Community Leaders Drilled on tact to Manage GBV Survivors, provide Psychosocial support

Nsono Josephine 

Women and girls in Cameroon have been suffering from emotional and sexual violence for a long time.

Statistics from the UN Office for the Coordination of Humanitarian Affairs, OCHA published in 2020 states that 56.4% of women in Cameroon have suffered emotional and or sexual violence.

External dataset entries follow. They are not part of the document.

lemma balanced_insert:
  assumes st: "greedy_state F" and c: "c \<in> C" "c \<notin> \<Union>F" and d: "d < n"
    and light_lines: "d \<notin> heavy_line_shifts F c" and light_planes: "d \<notin> heavy_plane_shifts F c"
  shows "balanced (insert (subcube c d) F)"
proof -
  let ?Q = "subcube c d"
  have fF: "finite F" and bF: "balanced F"
    using st unfolding greedy_state_def by auto
  have QF: "?Q \<notin> F"
    using c(2) subcube_self[of c d] by blast
  have cQ: "c \<in> ?Q" "c \<in> grid"
    using subcube_self c(1) C_grid by auto
  note insert_bound = balanced_bound_insert[OF fF QF finite_subcube card_subcube_le]
  have lines: "real (card (\<Union>(insert ?Q F) \<inter> dline e p))
      \<le> \<epsilon> * n + 8 + 8 * real (conflict_cubes (insert ?Q F) (dline e p))"
    if e: "e \<noteq> dzero" and p: "p \<in> grid" for e p
  proof (rule insert_bound)
    show "real (card (\<Union>F \<inter> dline e p)) \<le> \<epsilon> * n + 8 + 8 * real (conflict_cubes F (dline e p))"
      using bF e p unfolding balanced_def by blast
    show "real (card (\<Union>F \<inter> dline e p)) \<le> \<epsilon> * n"
      if "?Q \<inter> dline e p \<noteq> {}" "?Q \<inter> (dline e p \<inter> C) = {}"
      using light_dline_of_free_shift[OF d light_lines e that(1)] that(2) cQ(1) c(1) by blast
  qed
  have planes: "real (card (\<Union>(insert ?Q F) \<inter> plane w v))
      \<le> \<theta> * n\<^sup>2 + 8 + 8 * real (conflict_cubes (insert ?Q F) (plane w v))"
    if w: "w \<noteq> dzero" for w v
  proof (rule insert_bound)
    show "real (card (\<Union>F \<inter> plane w v)) \<le> \<theta> * n\<^sup>2 + 8 + 8 * real (conflict_cubes F (plane w v))"
      using bF w unfolding balanced_def by blast
    show "real (card (\<Union>F \<inter> plane w v)) \<le> \<theta> * n\<^sup>2"
      if "?Q \<inter> plane w v \<noteq> {}" "?Q \<inter> (plane w v \<inter> C) = {}"
      using light_plane_of_free_shift[OF d light_planes w cQ(2) that(1)] that(2) cQ(1) c(1) by blast
  qed
  show ?thesis
    unfolding balanced_def using lines planes by blast
qed

lemma greedy_state_insert:
  assumes st: "greedy_state F" and cF: "card F < card C" and c: "c \<in> C" "c \<notin> \<Union>F"
  shows "\<exists>Q. c \<in> Q \<and> Q \<notin> F \<and> greedy_state (insert Q F)"
proof -
  obtain d where d: "d < n" "d \<noteq> 0" "ok (subcube c d)"
    and free: "d \<notin> overlap_shifts F c" "d \<notin> heavy_line_shifts F c" "d \<notin> heavy_plane_shifts F c"
    using exists_free_shift[OF st c] by blast
  let ?Q = "subcube c d"
  have QF: "?Q \<notin> F"
    using c(2) subcube_self[of c d] by blast
  have "admissible ?Q"
    unfolding admissible_def using c(1) C_grid d by blast
  moreover have "pairwise disjnt (insert ?Q F)"
    using st free(1) d(1) unfolding greedy_state_def overlap_shifts_def pairwise_insert disjnt_def
    by blast
  moreover have "balanced (insert ?Q F)"
    using balanced_insert[OF st c d(1) free(2,3)] .
  moreover have "card (insert ?Q F) \<le> card C"
    using st QF cF unfolding greedy_state_def by simp
  ultimately have "greedy_state (insert ?Q F)"
    using st unfolding greedy_state_def by simp
  then show ?thesis
    using QF subcube_self[of c d] by blast
qed

lemma greedy_cover_subset:
  "finite D \<Longrightarrow> D \<subseteq> C \<Longrightarrow> \<exists>F. greedy_state F \<and> D \<subseteq> \<Union>F \<and> card F \<le> card D"
proof (induction D rule: finite_induct)
  case empty
  have "greedy_state {}"
    unfolding greedy_state_def balanced_def conflict_cubes_def using eps_n_pos theta_pos by simp
  then show ?case
    by auto
next
  case (insert x D)
  then obtain F where F: "greedy_state F" "D \<subseteq> \<Union>F" "card F \<le> card D"
    by auto
  have "card (insert x D) = card D + 1"
    using insert by simp
  have "card (insert x D) \<le> card C"
    using insert.prems by (intro card_mono) simp_all
  show ?case
  proof (cases "x \<in> \<Union>F")
    case True
    then show ?thesis
      using F \<open>card (insert x D) = card D + 1\<close> by (intro exI[of _ F]) auto
  next
    case False
    obtain Q where "x \<in> Q" "Q \<notin> F" "greedy_state (insert Q F)"
      using greedy_state_insert[OF F(1) _ _ False] insert F(3) \<open>card (insert x D) \<le> card C\<close> by fastforce
    moreover have "card (insert Q F) = card F + 1"
      using F(1) \<open>Q \<notin> F\<close> unfolding greedy_state_def by simp
    ultimately show ?thesis
      using F \<open>card (insert x D) = card D + 1\<close> by (intro exI[of _ "insert Q F"]) auto
  qed
qed

theorem exists_admissible_cover: "\<exists>F. (\<forall>Q\<in>F. admissible Q) \<and> pairwise disjnt F \<and> C \<subseteq> \<Union>F"
  using greedy_cover_subset[OF finite_C subset_refl] unfolding greedy_state_def by blast

end

section \<open>The Boolean Latin cube as the grid\<close>

definition coord :: "(nat \<Rightarrow> nat) \<Rightarrow> nat \<Rightarrow> nat" where
  "coord s i = s i - 1"

definition coord_inv :: "nat \<Rightarrow> (nat \<Rightarrow> nat) \<Rightarrow> nat \<Rightarrow> nat" where
  "coord_inv n s a = inv_into {1..n} s (Suc a)"

context
  fixes n :: nat and s :: "nat \<Rightarrow> nat"
  assumes bij: "bij_betw s {1..n} {1..n}"
begin

lemma Suc_mem_image: "a < n \<Longrightarrow> Suc a \<in> s ` {1..n}"
  using bij_betw_imp_surj_on[OF bij] by auto

lemma coord_inv_mem: "a < n \<Longrightarrow> coord_inv n s a \<in> {1..n}"
  unfolding coord_inv_def by (rule inv_into_into[OF Suc_mem_image])

lemma coord_coord_inv [simp]: "a < n \<Longrightarrow> coord s (coord_inv n s a) = a"
  unfolding coord_def coord_inv_def using f_inv_into_f[OF Suc_mem_image] by simp

lemma coord_less: "i \<in> {1..n} \<Longrightarrow> coord s i < n"
  unfolding coord_def using bij_betw_apply[OF bij, of i] by auto

lemma coord_inv_coord [simp]: "i \<in> {1..n} \<Longrightarrow> coord_inv n s (coord s i) = i"
proof -
  assume i: "i \<in> {1..n}"
  then have "Suc (coord s i) = s i"
    unfolding coord_def using bij_betw_apply[OF bij, of i] by auto
  then show ?thesis
    unfolding coord_inv_def using inv_into_f_f[OF bij_betw_imp_inj_on[OF bij] i] by simp
qed

lemma coord_inv_eq_iff:
  assumes "a < n" "a' < n"
  shows "coord_inv n s a = coord_inv n s a' \<longleftrightarrow> a = a'"
proof
  assume "coord_inv n s a = coord_inv n s a'"
  then have "coord s (coord_inv n s a) = coord s (coord_inv n s a')"
    by (rule arg_cong)
  then show "a = a'"
    by (simp only: coord_coord_inv assms)
qed simp

end

locale boolean_latin = boolean_grid +
  fixes \<sigma>1 \<sigma>2 \<sigma>3 \<tau> :: "nat \<Rightarrow> nat" and L :: "cell \<Rightarrow> nat"
  assumes bij1: "bij_betw \<sigma>1 {1..n} {1..n}" and bij2: "bij_betw \<sigma>2 {1..n} {1..n}"
    and bij3: "bij_betw \<sigma>3 {1..n} {1..n}" and bij_tau: "bij_betw \<tau> {1..n} {1..n}"
    and L_boolean: "i \<in> {1..n} \<Longrightarrow> j \<in> {1..n} \<Longrightarrow> k \<in> {1..n} \<Longrightarrow>
                    L (i, j, k) = \<tau> (boolean_cube (\<sigma>1 i, \<sigma>2 j, \<sigma>3 k))"
begin

fun cell_of :: "point \<Rightarrow> cell" where
  "cell_of (a, b, c) = (coord_inv n \<sigma>1 a, coord_inv n \<sigma>2 b, coord_inv n \<sigma>3 c)"

fun point_of :: "cell \<Rightarrow> point" where
  "point_of (i, j, k) = (coord \<sigma>1 i, coord \<sigma>2 j, coord \<sigma>3 k)"

lemmas coord_inv_mem_sigma = coord_inv_mem[OF bij1] coord_inv_mem[OF bij2] coord_inv_mem[OF bij3]
lemmas coord_coord_inv_sigma [simp] = coord_coord_inv[OF bij1] coord_coord_inv[OF bij2] coord_coord_inv[OF bij3]
lemmas coord_less_sigma = coord_less[OF bij1] coord_less[OF bij2] coord_less[OF bij3]
lemmas coord_inv_coord_sigma [simp] = coord_inv_coord[OF bij1] coord_inv_coord[OF bij2] coord_inv_coord[OF bij3]
lemmas coord_inv_eq_iff_sigma = coord_inv_eq_iff[OF bij1] coord_inv_eq_iff[OF bij2] coord_inv_eq_iff[OF bij3]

While 39% of the national Cameroonian population lives below the poverty line, the rate rises to 51.5% for women- parts of their statistics read.

The situation is even rife in the North West and South West Regions of Cameroon that have been in a socio-political crisis for the last seven years.

OCHA says the rise in Gender Based Violence is as a result of displacement, presence of either government forces or the non-state armed groups and Economic hardship as a result of the crisis.

Cross section of the participants 

It is for this resolve that Pearl Foundation, Mother of Hope Cameroon (MOHCAM) and the National Organisation of Human Rights- North West office organised a one day workshop on: Preventing and responding to Gender Based Violence and providing psychosocial support to women and girls of the North West and South West Regions.

Speaking on behalf of these organisations, Nsono Josephine highlighted that the training is to effectively link survivors of GBV to Frontline service providers.

CEO, Mother of Hope Cameroon 

CEO, National Organisation of Human Rights

This to mean community leaders should be able to identify the kind of support that a survivor needs and refer the person directly.

The organisers were emphatic that a poorly managed case can instead breakdown and expose the survivor to further harm.

"When survivors are not effectively linked to needed services, they go and come back worse than they were" Nsono told The Observer.

The community leaders have been presented with the various organizations that provide medical services, psycho-social support, mental health services, legal services and protection services in a bid to improve effective referral.

Practical sessions 

Civil society organisations have also been brought onboard so there is a link up with community mobiliers and leaders. To ensure the skills were gained, there was a practical session to demonstrate effective referral and counter referrals in linking survivors to required services. 

The project is funded by the US-State department.